Enhancing Quality And Safety

Medication administration errors can occur as a result of any of the five rights (right patient, medication, time, dose, and route). A medication error is defined as “any preventable event that may cause or lead to improper medication use or patient harm while the medication is under the control of a healthcare professional, patient, or consumer” by the National Coordinating Council for Medication Error Reporting and Prevention (NCCMERP). (Márquez-Hernández et al., 2019, p. 02) Medication mistakes are unquestionably expensive for patients, families, employers, hospitals, healthcare providers, and insurance companies.

Medication Errors and Their Causes

Medication errors can occur as a result of individual lapses and slips, but they can also occur as a result of system-level failures such as understaffing, human factors issues (e.g., poor process or equipment design), and other latent conditions. Interruptions/distractions, a lack of knowledge and experience, and transcription errors can all lead to errors. Because of a lack of funding in these areas, low-income areas are especially vulnerable to medication errors. A study conducted by M. Thirumagal et al. found that in a specific low-income area, “Among 400 patients, the total number of errors found was 142 (35.5%), with 130 (32.5%) errors related to prescribing and 12 (3%) errors related to medication administration. There were 115 patients (28.8%) who had at least one medication error.” (M. Thirumagal, 2017, p. 687) Prescribing errors are defined as violations of the five medication administration rights.

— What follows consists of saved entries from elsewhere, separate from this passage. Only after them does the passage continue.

lemma minus_valency_cosine_alternating:
  assumes \<sigma>: "pseudo_cosine a b c D (- real (b 0)) \<sigma>"
    and i: "i \<le> D" and a_zero: "\<And>j. 0 < j \<Longrightarrow> j < i \<Longrightarrow> a j = 0"
  shows "j \<le> i \<Longrightarrow> \<sigma> j = (-1) ^ j"
proof (induction j rule: induct_nat_012)
  case 0
  then show ?case using pseudo_cosine_0[OF \<sigma>] by simp
next
  case 1
  then have "real (b 0) * (\<sigma> 1 + 1) = 0"
    using pseudo_cosine_1[OF \<sigma>] i by (simp add: algebra_simps)
  moreover have "0 < b 0" using b_pos 1 i by simp
  ultimately show ?case by simp
next
  case (ge2 n)
  have n: "Suc n < D" using ge2.prems i by simp
  have "real (b 0) = real (c (Suc n)) + real (b (Suc n))"
    using intersection_sum_real[of "Suc n"] a_zero[of "Suc n"] ge2.prems n by simp
  then have "real (c (Suc n)) * (-1) ^ n + real (b (Suc n)) * \<sigma> (Suc (Suc n))
      = (real (c (Suc n)) + real (b (Suc n))) * (-1) ^ n"
    using pseudo_cosine_rec_Suc[OF \<sigma> n] a_zero[of "Suc n"] ge2 by (simp add: algebra_simps)
  then have "real (b (Suc n)) * (\<sigma> (Suc (Suc n)) - (-1) ^ n) = 0"
    by (simp add: algebra_simps)
  moreover have "0 < b (Suc n)" using b_pos n by simp
  ultimately show ?case by simp
qed

lemma minus_valency_partner_plateau:
  assumes \<sigma>: "pseudo_cosine a b c D (- real (b 0)) \<sigma>" and \<rho>: "pseudo_cosine a b c D t \<rho>"
    and \<tau>: "pseudo_cosine a b c D (- t) (\<lambda>i. \<sigma> i * \<rho> i)"
    and n: "Suc n < D" and a_pos: "0 < a (Suc n)"
    and flip: "\<sigma> n = - \<sigma> (Suc n)" and nonzero: "\<sigma> (Suc n) \<noteq> 0"
  shows "\<rho> (Suc (Suc n)) = \<rho> (Suc n)"
proof -
  have k: "real (b 0) = real (c (Suc n)) + real (a (Suc n)) + real (b (Suc n))"
    using intersection_sum_real n by simp
  \<comment> \<open>\<open>\<sigma> (Suc n)\<close> times the \<open>\<rho>\<close>-recurrence plus the product recurrence, with
    \<open>b (Suc n) * \<sigma> (Suc (Suc n))\<close> eliminated by the \<open>\<sigma>\<close>-recurrence\<close>
  from pseudo_cosine_rec_Suc[OF \<sigma> n, unfolded flip k] pseudo_cosine_rec_Suc[OF \<rho> n]
    pseudo_cosine_rec_Suc[OF \<tau> n, unfolded flip]
  have "real (a (Suc n)) * \<sigma> (Suc n) * (\<rho> (Suc n) - \<rho> (Suc (Suc n))) = 0"
    by algebra
  with a_pos nonzero show ?thesis by simp
qed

Best Practices for Avoiding Medical Errors

Implementing an automated medication or barcode medication system is one of the most common solutions to combating medical errors. This improves the medication administration system by providing a simpler, more organized method of deploying medication. Barcode medication administration (BCMA) technology can reduce medication errors by preventing mistakes such as administering the wrong dosage or drug to the wrong patient. “A study in a teaching hospital found that the use of BCMA technology reduced the rates of incorrect medication by about 57%, incorrect dosage by nearly 42%, and omitting or incorrectly charting medication given by 80.3%.” D. Baiden (2018, p. 02). BCMA has its own risks, such as the risk of compromising patient information, but it has been shown to be one of the best solutions to medication errors. Near-miss event reporting has been shown to aid in the reduction of some of the errors associated with BCMA.

A robust patient safety program must include near-miss event reporting and analysis. Near-miss event analysis allows an organization to identify real and potential hazards in a process before an event causes harm to a patient. In terms of near-miss event reporting and analysis, healthcare is catching up to other industries, such as aviation and nuclear energy. Reporting, but more importantly, analyzing near-miss events can lead to process improvements and reduce the risk of patient harm.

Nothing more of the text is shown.